Pulling Teenth

Readers sound off on Juneteenth.

Jun 6, 2007 at 4:00 am

News Real, May 16, 2007

Pro-Teenth: Until recently I was executive director of Juneteenth of Tampa Bay. With regard to Chad Garrison's "Bring Back Juneteenth!" Juneteenth is the oldest holiday in the U.S. commemorating freedom from legal slavery in America, and it was established by our African-ancestored Americans when they received word of the signing of the Emancipation Proclamation and the subsequent Thirteenth Amendment, which abolished slavery in the entire United States of America.

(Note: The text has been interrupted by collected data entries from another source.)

(* Let $B_1$ and $B_2$ be finite Blaschke products of degrees $M$ and $N$ respectively, and let $0<r<1$. If $|B_1(z)|=|B_2(z)|$ for more than $2N+2M-1$ distinct points $z\in r\mathbb{T}$, then $B_2$ is a constant multiple of $B_1$.
   Context: $r\mathbb{T}=\{z\in\mathbb{C}:|z|=r\}$. A finite Blaschke product of degree $M$ is a function $c\prod_{j=1}^M\frac{z-\alpha_j}{1-\overline{\alpha_j}z}$ with $|c|=1$ and $\alpha_j$ in the open unit disc. *)

theory Defs
  imports "HOL-Analysis.Analysis"
begin

text \<open>Finite Blaschke product with unimodular constant c and zeros listed (with multiplicity)
  in the list as; its degree is the length of the list.\<close>
definition blaschke :: "complex \<Rightarrow> complex list \<Rightarrow> complex \<Rightarrow> complex" where
  "blaschke c as z = c * (\<Prod>a\<leftarrow>as. (z - a) / (1 - cnj a * z))"

definition is_blaschke :: "nat \<Rightarrow> (complex \<Rightarrow> complex) \<Rightarrow> bool" where
  "is_blaschke M B \<longleftrightarrow> (\<exists>c as. norm c = 1 \<and> length as = M \<and> (\<forall>a\<in>set as. norm a < 1)
      \<and> B = blaschke c as)"

end

theory Submission
  imports Defs "HOL-Computational_Algebra.Polynomial"
begin

(* On the circle |z| = r one has cnj z = r^2 / z, so there |B(z)|^2 is the value of a rational
   function P/Q whose numerator and denominator are polynomials of degree at most 2M with the same
   coefficient at z^(2M). Equality of |B1| and |B2| at 2M + 2N points therefore forces the
   polynomial identity P1 Q2 = P2 Q1. In the disc |y| < r^2, the zeros of P are the zeros a of B
   and those of Q are the points r^2 a; comparing multiplicities at a nonzero point of minimal
   modulus where the zero counts of B1 and B2 would differ shows that they have the same nonzero
   zeros. The multiplicities of the zero at 0 agree because they are read off from |z|^k on the
   circle, and then B2 / B1 is constant. *)

lemma coeff_mult_degree_bound:
  fixes p q :: "'a::comm_semiring_0 poly"
  assumes "degree p \<le> m" "degree q \<le> n"
  shows "coeff (p * q) (m + n) = coeff p m * coeff q n"
proof -
  have "coeff p i * coeff q (m + n - i) = (if i = m then coeff p m * coeff q n else 0)" for i
    using assms by (cases i m rule: linorder_cases) (auto simp: coeff_eq_0)
  then show ?thesis by (simp add: coeff_mult)
qed

lemma degree_prod_list_le_uniform:
  assumes "\<forall>x\<in>set xs. degree (f x) \<le> d"
  shows "degree (\<Prod>x\<leftarrow>xs. f x) \<le> d * length xs"
  using assms by (induction xs) (auto intro: degree_mult_le[THEN order_trans])

lemma coeff_prod_list_uniform:
  fixes f :: "'b \<Rightarrow> 'a::comm_semiring_1 poly"
  assumes "\<forall>x\<in>set xs. degree (f x) \<le> d"
  shows "coeff (\<Prod>x\<leftarrow>xs. f x) (d * length xs) = (\<Prod>x\<leftarrow>xs. coeff (f x) d)"
  using assms
proof (induction xs)
  case (Cons x xs)
  then show ?case
    using coeff_mult_degree_bound[of "f x" d "\<Prod>x\<leftarrow>xs. f x" "d * length xs"]
      degree_prod_list_le_uniform[of xs f d] by simp
qed simp

lemma poly_prod_list_map: "poly (\<Prod>x\<leftarrow>xs. f x) y = (\<Prod>x\<leftarrow>xs. poly (f x) y)"
  by (induction xs) simp_all

lemma order_linear_factor: "order y [:-a, 1:] = (if y = a then 1 else 0)"
  using order_power_n_n[of a 1] by (auto intro: order_0I)

lemma one_minus_cnj_mult_nonzero:
  fixes a z :: complex
  assumes "norm a < 1" "norm z \<le> 1"
  shows "1 - cnj a * z \<noteq> 0"
proof -
  have "norm (cnj a * z) \<le> norm a"
    using assms mult_left_le[of "norm z" "norm a"] by (simp add: norm_mult)
  then have "norm (cnj a * z) < 1" using assms(1) by linarith
  then show ?thesis by auto
qed

lemma blaschke_Cons: "blaschke c (a # as) z = (z - a) / (1 - cnj a * z) * blaschke c as z"
  by (simp add: blaschke_def)

lemma blaschke_scale: "blaschke c as z = c * blaschke 1 as z"
  by (simp add: blaschke_def)

lemma blaschke_mset_cong: "mset as = mset bs \<Longrightarrow> blaschke c as = blaschke c bs"
  by (simp add: blaschke_def fun_eq_iff flip: prod_mset_prod_list)

lemma blaschke_split_zeros:
  "blaschke c as z = blaschke c (filter (\<lambda>a. a \<noteq> 0) as) z * z ^ count (mset as) 0"
  by (induction as) (auto simp: blaschke_Cons mult_ac)

lemma blaschke_eq_0_iff:
  assumes "c \<noteq> 0" "norm z < 1" "\<forall>a\<in>set as. norm a < 1"
  shows "blaschke c as z = 0 \<longleftrightarrow> z \<in> set as"
  using assms one_minus_cnj_mult_nonzero[of _ z] by (auto simp: blaschke_def prod_list_zero_iff)

definition sqnorm_num :: "real \<Rightarrow> complex list \<Rightarrow> complex poly" where
  "sqnorm_num R as = (\<Prod>a\<leftarrow>as. [:-a, 1:] * [:of_real R, - cnj a:])"

definition sqnorm_den :: "real \<Rightarrow> complex list \<Rightarrow> complex poly" where
  "sqnorm_den R as = (\<Prod>a\<leftarrow>as. [:1, - cnj a:] * [:- (a * of_real R), 1:])"

lemma sqnorm_num_Cons:
  "sqnorm_num R (a # as) = [:-a, 1:] * [:of_real R, - cnj a:] * sqnorm_num R as"
  by (simp add: sqnorm_num_def)

lemma sqnorm_den_Cons:
  "sqnorm_den R (a # as) = [:1, - cnj a:] * [:- (a * of_real R), 1:] * sqnorm_den R as"
  by (simp add: sqnorm_den_def)

lemma sqnorm_num_nonzero: "R \<noteq> 0 \<Longrightarrow> sqnorm_num R as \<noteq> 0"
  by (auto simp: sqnorm_num_def prod_list_zero_iff)

lemma sqnorm_den_nonzero: "sqnorm_den R as \<noteq> 0"
  by (auto simp: sqnorm_den_def prod_list_zero_iff)

lemma sqnorm_num_top_coeff:
  "degree (sqnorm_num R as) \<le> 2 * length as"
  "coeff (sqnorm_num R as) (2 * length as) = (\<Prod>a\<leftarrow>as. - cnj a)"
proof -
  have deg: "\<forall>a\<in>set as. degree ([:-a, 1:] * [:of_real R, - cnj a:]) \<le> 2"
    by (auto intro: degree_mult_le[THEN order_trans])
  have top: "(\<Prod>a\<leftarrow>as. coeff ([:-a, 1:] * [:of_real R, - cnj a:]) 2)
      = (\<Prod>a\<leftarrow>as. - cnj a)"
    by (simp add: coeff_mult numeral_2_eq_2)
  show "degree (sqnorm_num R as) \<le> 2 * length as"
    unfolding sqnorm_num_def by (rule degree_prod_list_le_uniform[OF deg])
  show "coeff (sqnorm_num R as) (2 * length as) = (\<Prod>a\<leftarrow>as. - cnj a)"
    unfolding sqnorm_num_def coeff_prod_list_uniform[OF deg] by (rule top)
qed

lemma sqnorm_den_top_coeff:
  "degree (sqnorm_den R as) \<le> 2 * length as"
  "coeff (sqnorm_den R as) (2 * length as) = (\<Prod>a\<leftarrow>as. - cnj a)"
proof -
  have deg: "\<forall>a\<in>set as. degree ([:1, - cnj a:] * [:- (a * of_real R), 1:]) \<le> 2"
    by (auto intro: degree_mult_le[THEN order_trans])
  have top: "(\<Prod>a\<leftarrow>as. coeff ([:1, - cnj a:] * [:- (a * of_real R), 1:]) 2)
      = (\<Prod>a\<leftarrow>as. - cnj a)"
    by (simp add: coeff_mult numeral_2_eq_2)
  show "degree (sqnorm_den R as) \<le> 2 * length as"
    unfolding sqnorm_den_def by (rule degree_prod_list_le_uniform[OF deg])
  show "coeff (sqnorm_den R as) (2 * length as) = (\<Prod>a\<leftarrow>as. - cnj a)"
    unfolding sqnorm_den_def coeff_prod_list_uniform[OF deg] by (rule top)
qed

lemma poly_sqnorm_num:
  "poly (sqnorm_num R as) z = (\<Prod>a\<leftarrow>as. (z - a) * (of_real R - cnj a * z))"
proof -
  have "poly ([:-a, 1:] * [:of_real R, - cnj a:]) z = (z - a) * (of_real R - cnj a * z)" for a
    by (simp add: algebra_simps)
  then show ?thesis by (simp only: sqnorm_num_def poly_prod_list_map)
qed

lemma poly_sqnorm_den:
  "poly (sqnorm_den R as) z = (\<Prod>a\<leftarrow>as. (1 - cnj a * z) * (z - a * of_real R))"
proof -
  have "poly ([:1, - cnj a:] * [:- (a * of_real R), 1:]) z
      = (1 - cnj a * z) * (z - a * of_real R)" for a
    by (simp add: algebra_simps)
  then show ?thesis by (simp only: sqnorm_den_def poly_prod_list_map)
qed

lemma norm_moebius_sq_on_circle:
  fixes z a :: complex
  assumes "z \<noteq> 0" "norm z ^ 2 = R"
  shows "of_real (norm ((z - a) / (1 - cnj a * z)) ^ 2)
    = ((z - a) * (of_real R - cnj a * z)) / ((1 - cnj a * z) * (z - a * of_real R))"
proof -
  have cnj_z: "cnj z = of_real R / z"
    using assms complex_norm_square[of z] by (simp add: field_simps)
  have "of_real (norm ((z - a) / (1 - cnj a * z)) ^ 2)
      = (z - a) / (1 - cnj a * z) * ((cnj z - cnj a) / (1 - a * cnj z))"
    unfolding complex_norm_square by simp
  also have "(cnj z - cnj a) / (1 - a * cnj z)
      = ((of_real R - cnj a * z) / z) / ((z - a * of_real R) / z)"
    unfolding cnj_z using assms(1) by (simp add: diff_divide_distrib)
  also have "\<dots> = (of_real R - cnj a * z) / (z - a * of_real R)"
    using assms(1) by simp
  finally show ?thesis by simp
qed

lemma blaschke_sqnorm_on_circle:
  assumes "z \<noteq> 0" "norm z ^ 2 = R" "norm c = 1"
  shows "of_real (norm (blaschke c as z) ^ 2)
    = poly (sqnorm_num R as) z / poly (sqnorm_den R as) z"
proof (induction as)
  case Nil
  then show ?case using assms(3) by (simp add: blaschke_def poly_sqnorm_num poly_sqnorm_den)
next
  case (Cons a as)
  have "of_real (norm (blaschke c (a # as) z) ^ 2)
      = of_real (norm ((z - a) / (1 - cnj a * z)) ^ 2) * of_real (norm (blaschke c as z) ^ 2)"
    by (simp only: blaschke_Cons norm_mult power_mult_distrib of_real_mult)
  also have "\<dots> = poly (sqnorm_num R (a # as)) z / poly (sqnorm_den R (a # as)) z"
    unfolding Cons norm_moebius_sq_on_circle[OF assms(1,2)] poly_sqnorm_num poly_sqnorm_den
    by simp
  finally show ?case .
qed

lemma poly_sqnorm_den_nonzero:
  assumes "z \<noteq> 0" "norm z < 1" "norm z ^ 2 = R" "\<forall>a\<in>set as. norm a < 1"
  shows "poly (sqnorm_den R as) z \<noteq> 0"
proof -
  have "(1 - cnj a * z) * (z - a * of_real R) \<noteq> 0" if "norm a < 1" for a
  proof -
    have "0 < R" using assms(1,3) by auto
    then have "norm (a * of_real R) < R"
      using that by (simp add: norm_mult)
    also have "R < norm z"
      using assms(1-3) by (auto simp: power2_eq_square intro: mult_less_cancel_right1[THEN iffD2])
    finally have "z - a * of_real R \<noteq> 0" by auto
    then show ?thesis using one_minus_cnj_mult_nonzero[OF that] assms(2) by simp
  qed
  then show ?thesis
    using assms(4) by (auto simp: poly_sqnorm_den prod_list_zero_iff)
qed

Why is it not a legal federal holiday? After all, this fundamentally changed the direction in which American civilized society was headed. What is civil about forcing captured people to use their creativity, labor and other resources to build an economy for the capturers? Why should I trust the decedents of the capturers to look out for my better interest and future development when they are continuing to utilize and benefit from the forced labor and economics generated from that stolen labor, without any regard to reconciling with me and my people with no attempt to repair the injury with reparations?

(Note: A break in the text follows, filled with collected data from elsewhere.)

lemma card_support_fw_step_le:
  fixes \<alpha> :: "'c \<Rightarrow> real"
  assumes "finite A" "\<forall>a. 0 \<le> \<alpha> a" "0 \<le> \<gamma>" "\<gamma> \<le> 1"
  shows "card {a\<in>A. 0 < (1 - \<gamma>) * \<alpha> a + (if a = s then \<gamma> else 0)} \<le> card {a\<in>A. 0 < \<alpha> a} + 1"
proof -
  have "card {a\<in>A. 0 < (1 - \<gamma>) * \<alpha> a + (if a = s then \<gamma> else 0)} \<le> card (insert s {a\<in>A. 0 < \<alpha> a})"
    using support_fw_step_subset[OF assms(2-4), of A s] assms(1) by (intro card_mono) auto
  also have "\<dots> \<le> card {a\<in>A. 0 < \<alpha> a} + 1"
    using assms(1) by (simp add: card_insert_if)
  finally show ?thesis .
qed

lemma card_support_away_step_le:
  fixes \<alpha> :: "'c \<Rightarrow> real"
  assumes "finite A" "\<forall>a. 0 \<le> \<alpha> a" "0 \<le> \<gamma>" "0 < \<alpha> v"
  shows "card {a\<in>A. 0 < (1 + \<gamma>) * \<alpha> a - (if a = v then \<gamma> else 0)} \<le> card {a\<in>A. 0 < \<alpha> a}"
  by (rule card_mono) (use assms(1) support_away_step_subset[OF assms(2-4)] in simp_all)

lemma card_support_drop_step_less:
  fixes \<alpha> :: "'c \<Rightarrow> real"
  assumes "finite A" "\<forall>a. 0 \<le> \<alpha> a" "v \<in> A" "0 < \<alpha> v" "\<alpha> v < 1" "\<gamma> = \<alpha> v / (1 - \<alpha> v)"
  shows "card {a\<in>A. 0 < (1 + \<gamma>) * \<alpha> a - (if a = v then \<gamma> else 0)} < card {a\<in>A. 0 < \<alpha> a}"
proof -
  have "card {a\<in>A. 0 < (1 + \<gamma>) * \<alpha> a - (if a = v then \<gamma> else 0)} \<le> card ({a\<in>A. 0 < \<alpha> a} - {v})"
    by (rule card_mono) (use assms(1) support_drop_step_subset[OF assms(2,4-6)] in simp_all)
  also have "\<dots> < card {a\<in>A. 0 < \<alpha> a}"
    using assms(1,3,4) by (intro card_Diff1_less) auto
  finally show ?thesis .
qed

section \<open>The runs of SP-FW and SP-AFW\<close>

definition fw_gap :: "('a \<times> 'b \<Rightarrow> 'a \<times> 'b) \<Rightarrow> ('a::real_inner) \<times> ('b::real_inner) \<Rightarrow> 'a \<times> 'b \<Rightarrow> real"
  where "fw_gap grad z s = inner (z - s) (sp_r grad z)"

lemma spfw_run_step:
  assumes "spfw_run X Y grad \<nu> C z s"
  shows "s t \<in> X \<times> Y" "\<forall>s'\<in>X \<times> Y. inner (s t) (sp_r grad (z t)) \<le> inner s' (sp_r grad (z t))"
    and "z (Suc t) = (1 - min 1 (\<nu> / (2 * C) * fw_gap grad (z t) (s t))) *\<^sub>R z t
                       + min 1 (\<nu> / (2 * C) * fw_gap grad (z t) (s t)) *\<^sub>R s t"
  using assms unfolding spfw_run_def Let_def fw_gap_def by blast+

lemma fw_gap_nonneg:
  assumes "z \<in> K" "\<forall>s'\<in>K. inner s (sp_r grad z) \<le> inner s' (sp_r grad z)"
  shows "0 \<le> fw_gap grad z s"
  using assms unfolding fw_gap_def by (auto simp: inner_diff_left)

lemma spfw_run_in_domain:
  assumes run: "spfw_run X Y grad \<nu> C z s" and XY: "convex X" "convex Y" and \<nu>C: "0 \<le> \<nu>" "0 \<le> C"
  shows "z t \<in> X \<times> Y"
proof (induction t)
  case 0
  show ?case
    using run unfolding spfw_run_def by simp
next
  case (Suc t)
  let ?\<gamma> = "min 1 (\<nu> / (2 * C) * fw_gap grad (z t) (s t))"
  have "0 \<le> ?\<gamma>" "?\<gamma> \<le> 1"
    using fw_gap_nonneg[OF Suc spfw_run_step(2)[OF run]] \<nu>C by auto
  thus ?case
    using convexD[OF convex_Times[OF XY] Suc spfw_run_step(1)[OF run], of "1 - ?\<gamma>" ?\<gamma>]
      spfw_run_step(3)[OF run] by simp
qed

definition afw_fw_step ::
    "('a \<times> 'b \<Rightarrow> 'a \<times> 'b) \<Rightarrow> ('a::real_inner) \<times> ('b::real_inner) \<Rightarrow> 'a \<times> 'b \<Rightarrow> 'a \<times> 'b \<Rightarrow> bool"
  where "afw_fw_step grad z s v \<longleftrightarrow> inner (- sp_r grad z) (z - v) \<le> inner (- sp_r grad z) (s - z)"

definition pfw_gap ::
    "('a \<times> 'b \<Rightarrow> 'a \<times> 'b) \<Rightarrow> ('a::real_inner) \<times> ('b::real_inner) \<Rightarrow> 'a \<times> 'b \<Rightarrow> 'a \<times> 'b \<Rightarrow> real"
  where "pfw_gap grad z s v = inner (- sp_r grad z) ((s - z) + (z - v))"

lemma spafw_run_init:
  assumes "spafw_run A B grad \<nu> C z ax ay s v gam gmax"
  shows "fst (z 0) \<in> A" "snd (z 0) \<in> B"
    "ax 0 = (\<lambda>a. if a = fst (z 0) then 1 else 0)" "ay 0 = (\<lambda>b. if b = snd (z 0) then 1 else 0)"
  using assms unfolding spafw_run_def by auto

lemma spafw_run_step:
  fixes t :: nat
  assumes "spafw_run A B grad \<nu> C z ax ay s v gam gmax"
  defines "r \<equiv> sp_r grad (z t)" and "Sx \<equiv> {a\<in>A. 0 < ax t a}" and "Sy \<equiv> {b\<in>B. 0 < ay t b}"
    and "fw \<equiv> afw_fw_step grad (z t) (s t) (v t)"
  shows "s t \<in> A \<times> B" "\<forall>s'\<in>(convex hull A) \<times> (convex hull B). inner (s t) r \<le> inner s' r"
    and "v t \<in> Sx \<times> Sy" "\<forall>v'\<in>Sx \<times> Sy. inner r v' \<le> inner r (v t)"
    and "gmax t = (if fw then 1
                   else real_of_ereal (min (away_ratio (ax t (fst (v t)))) (away_ratio (ay t (snd (v t))))))"
    and "gam t = min (gmax t) (\<nu> / (2 * C) * pfw_gap grad (z t) (s t) (v t))"
    and "z (Suc t) = z t + gam t *\<^sub>R (if fw then s t - z t else z t - v t)"
    and "ax (Suc t) = (if fw then (\<lambda>a. (1 - gam t) * ax t a + (if a = fst (s t) then gam t else 0))
                      else (\<lambda>a. (1 + gam t) * ax t a - (if a = fst (v t) then gam t else 0)))"
    and "ay (Suc t) = (if fw then (\<lambda>b. (1 - gam t) * ay t b + (if b = snd (s t) then gam t else 0))
                      else (\<lambda>b. (1 + gam t) * ay t b - (if b = snd (v t) then gam t else 0)))"
  using assms(1) unfolding spafw_run_def Let_def afw_fw_step_def pfw_gap_def assms(2-5) by blast+

lemma spafw_run_step_nonneg:
  assumes run: "spafw_run A B grad \<nu> C z ax ay s v gam gmax" and A: "finite A" and B: "finite B"
    and \<nu>C: "0 \<le> \<nu>" "0 \<le> C"
    and wx: "convex_weights A (ax t) (fst (z t))" and wy: "convex_weights B (ay t) (snd (z t))"
  shows "0 \<le> inner (- sp_r grad (z t)) (s t - z t)" "0 \<le> inner (- sp_r grad (z t)) (z t - v t)"
    and "0 \<le> pfw_gap grad (z t) (s t) (v t)" "0 \<le> gam t"
proof -
  note step = spafw_run_step[OF run, of t]
  show gaps: "0 \<le> inner (- sp_r grad (z t)) (s t - z t)" "0 \<le> inner (- sp_r grad (z t)) (z t - v t)"
    using afw_gaps_nonneg[OF A B wx wy step(2-4)] by simp_all
  thus gap: "0 \<le> pfw_gap grad (z t) (s t) (v t)"
    unfolding pfw_gap_def inner_add_right by linarith
  have "0 < ax t (fst (v t))" "0 < ay t (snd (v t))"
    using step(3) by auto
  hence "0 \<le> gmax t"
    using step(5) min_away_ratio_nonneg convex_weights_le_1[OF A wx] convex_weights_le_1[OF B wy] by simp
  moreover have "0 \<le> \<nu> / (2 * C) * pfw_gap grad (z t) (s t) (v t)"
    using \<nu>C gap by simp
  ultimately show "0 \<le> gam t"
    using step(6) by simp
qed

lemma spafw_run_convex_weights:
  assumes run: "spafw_run A B grad \<nu> C z ax ay s v gam gmax" and A: "finite A" and B: "finite B"
    and \<nu>C: "0 \<le> \<nu>" "0 \<le> C"
  shows "convex_weights A (ax t) (fst (z t)) \<and> convex_weights B (ay t) (snd (z t))"
proof (induction t)
  case 0
  show ?case
    using convex_weights_indicator[OF A] convex_weights_indicator[OF B] spafw_run_init[OF run] by simp
next
  case (Suc t)
  hence wx: "convex_weights A (ax t) (fst (z t))" and wy: "convex_weights B (ay t) (snd (z t))"
    by auto
  note step = spafw_run_step[OF run, of t]
  have \<gamma>: "0 \<le> gam t"
    using spafw_run_step_nonneg[OF run A B \<nu>C wx wy] by simp
  show ?case
  proof (cases "afw_fw_step grad (z t) (s t) (v t)")
    case True
    have "gam t \<le> 1" "fst (s t) \<in> A" "snd (s t) \<in> B"
      using step(1,5,6) True by auto
    hence "convex_weights A (ax (Suc t)) (fst (z t) + gam t *\<^sub>R (fst (s t) - fst (z t)))"
      and "convex_weights B (ay (Suc t)) (snd (z t) + gam t *\<^sub>R (snd (s t) - snd (z t)))"
      using convex_weights_fw_step[OF A wx _ \<gamma>] convex_weights_fw_step[OF B wy _ \<gamma>] step(8,9) True
      by simp_all
    moreover have "z (Suc t) = z t + gam t *\<^sub>R (s t - z t)"
      using step(7) True by simp
    ultimately show ?thesis
      by simp
  next
    case False
    let ?a = "ax t (fst (v t))" and ?b = "ay t (snd (v t))"
    have v: "fst (v t) \<in> A" "0 < ?a" "snd (v t) \<in> B" "0 < ?b"
      using step(3) by auto
    have le1: "?a \<le> 1" "?b \<le> 1"
      using convex_weights_le_1[OF A wx] convex_weights_le_1[OF B wy] by auto
    have \<gamma>max: "gam t \<le> real_of_ereal (min (away_ratio ?a) (away_ratio ?b))"
      using step(5,6) False by simp
    have "gam t \<le> ?a / (1 - ?a)" if "?a < 1"
      using min_away_ratio_le_left[OF v(2) that v(4) le1(2)] \<gamma>max by linarith
    hence "convex_weights A (ax (Suc t)) (fst (z t) + gam t *\<^sub>R (fst (z t) - fst (v t)))"
      using convex_weights_away_step[OF A wx v(1,2) \<gamma>] step(8) False by simp
    moreover have "gam t \<le> ?b / (1 - ?b)" if "?b < 1"
      using min_away_ratio_le_right[OF v(2) le1(1) v(4) that] \<gamma>max by linarith
    hence "convex_weights B (ay (Suc t)) (snd (z t) + gam t *\<^sub>R (snd (z t) - snd (v t)))"
      using convex_weights_away_step[OF B wy v(3,4) \<gamma>] step(9) False by simp
    moreover have "z (Suc t) = z t + gam t *\<^sub>R (z t - v t)"
      using step(7) False by simp
    ultimately show ?thesis
      by simp
  qed
qed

Let's be honest: The systems that govern America came from the enslavement of our African-ancestored Americans, and if we factor them out where would America be? Let's be fair and distribute taxpayers' dollars back to our diverse communities, and show the benefits of reconciliation and inspire future development. The all-European-ancestored organizations are not able to promote our legacy. We must do that in our own way. Neither are they in a position to determine and define what success is for our community. No one in this country is in a position to judge, because we all have fallen and come short of the glory.

Jeanie Blue, St. Petersburg, Florida

More history: It appears that Curtis Faulkner has discovered a way to line his own purse, using racism and taxpayers' money to do so. The reason Texas refused to underwrite a Juneteenth celebration is because Texans are not easily taken in by revisionist history.

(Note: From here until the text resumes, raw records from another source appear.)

definition correction :: "nat \<Rightarrow> real^'m" where
  "correction k = \<eta> (fst (xh (t+k))) (fst (xt (t+k))) (fst (xb (t+k)))"

definition injection :: "nat \<Rightarrow> real^'n" where
  "injection k = L *v (C *v (fst (x (t+k)) - fst (xh (t+k))) + fst (v (t+k)))"

lemma u_trigger: "0 < h \<Longrightarrow> u t = (\<mu> (ubc t) (fst (xh t)) (fst (xb t)), 1, correction 0)"
  using u_def gb_t by (simp add: phi1_def correction_def)

lemma u_hold: "0 < k \<Longrightarrow> k < h \<Longrightarrow> gb (t+k) = 0 \<and> u (t+k) = (0, 0, correction k)"
  using u_def gb_rest by (simp add: phi2_def correction_def)

lemma u_mode_correction:
  "k < h \<Longrightarrow> fst (snd (u (t+k))) = gb (t+k) \<and> snd (snd (u (t+k))) = correction k"
  using u_trigger u_hold[of k] gb_t by (cases "k = 0") auto

(* The trigger (mode 1) overwrites the held input of every trajectory, mode 0 keeps it, so the
   difference to the nominal held input is frozen after one step, whatever y is. *)
lemma held_input_deviation:
  assumes y_step: "\<forall>i\<in>{t..<t+h}. fst (snd (y (Suc i))) = fst (snd (fsys A B g c b (y i) (u i)))"
    and "k < h"
  shows "fst (snd (y (t + Suc k))) - fst (snd (xb (t + Suc k))) = trigger_offset"
  using \<open>k < h\<close>
proof (induction k)
  case 0
  then show ?case
    using y_step xb_step u_trigger gb_t by (simp add: fst_snd_fsys trigger_offset_def)
next
  case (Suc k)
  then show ?case
    using y_step xb_step u_hold[of "Suc k"] by (simp add: fst_snd_fsys)
qed

lemma driven_deviation_Suc:
  assumes y_step: "\<forall>i\<in>{t..<t+h}. y (Suc i) = fsys A B g c b (y i) (u i) + (p i, 0, 0)"
    and "k < h"
  shows "fst (y (t + Suc k)) - fst (xb (t + Suc k))
           = A *v (fst (y (t+k)) - fst (xb (t+k))) + B *v (trigger_offset + correction k) + p (t+k)"
proof -
  let ?i = "t + k"
  have i: "?i \<in> {t..<t+h}"
    using \<open>k < h\<close> by simp
  have held: "fst (snd (y (Suc ?i))) - fst (snd (xb (Suc ?i))) = trigger_offset"
    using held_input_deviation[of y] y_step \<open>k < h\<close> by simp
  have "fst (y (Suc ?i)) = A *v fst (y ?i) + B *v (fst (snd (y (Suc ?i))) + correction k) + p ?i"
    using y_step i u_mode_correction[OF \<open>k < h\<close>] fst_fsys[of A B g c b "y ?i" "u ?i"] by simp
  moreover have "fst (xb (Suc ?i)) = A *v fst (xb ?i) + B *v fst (snd (xb (Suc ?i)))"
    using xb_step i fst_fsys[of A B g c b "xb ?i" "(ubc ?i, gb ?i, 0)"] by simp
  ultimately show ?thesis
    using held by (simp add: algebra_simps)
qed

lemma est_dev_Suc:
  "k < h \<Longrightarrow> est_dev (Suc k) = A *v est_dev k + B *v (trigger_offset + correction k) + injection k"
  using driven_deviation_Suc[of xh "\<lambda>i. L ** C *v fst (x i - xh i) + L *v fst (v i)" k] xh_step
  by (simp add: est_dev_def injection_def matrix_vector_right_distrib matrix_vector_mul_assoc)

lemma pred_dev_Suc:
  "k < h \<Longrightarrow> pred_dev (Suc k) = A *v pred_dev k + B *v (trigger_offset + correction k)"
  using driven_deviation_Suc[of xt "\<lambda>_. 0" k] xt_step by (simp add: pred_dev_def zero_prod_def)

Little wonder that a handful of Texas slaves in 1865 had never heard of Lincoln's Emancipation Proclamation of two years earlier. Confederate Texas was not under Lincoln's legal jurisdiction. Emancipation did not occur until December 6, 1865, with the Thirteenth Amendment, when slavery ended in all of America, including the former Union slave states and in Washington, D.C., itself. The Texas "Juneteenth honoree" slaves were still enslaved when discovered by Union troops in June 1865, and remained so for six months thereafter — so what does Juneteenth have to do with it?

Lincoln's 1863 Emancipation Proclamation had not ended slavery at all. In fact, he did not intend for it to do so. It was a war effort with five purposes, of which he realized only one. Ending slavery was not one of the five. Fact is, but for Lincoln's untimely death and his radical surviving cabinet's seizing of the moment to create the Lincoln Myth, we ourselves to this day might never have heard of the Emancipation Proclamation of 1863. They had to dig it out, dust it off and give it a new meaning in 1865. Lincoln was probably rolling over in his casket before his funeral train reached Springfield.

Hey, it's a free country, Mr. F. Plan your own celebration, pay for its overhead costs just like anyone else would do, and if you can make a profit, good luck to you. That's what freedom is all about. Someone else paying for your overhead is what slavery was all about. Bob Arnold, St. Peters

Count Dennis out: I had never heard of Juneteenth. I never heard about the story of how these slaves from Texas weren't told of their freedom until two and a half years later.

As for the Juneteenth jazz festival: Have the festival, but I don't want my tax dollars going to it. Find business supporters or do a fundraiser to get it up and running. Tax dollars should be used to better our schools, the educational system, the zoo and places like the Science Center — not an event that costs $2 million and will only last a day or two.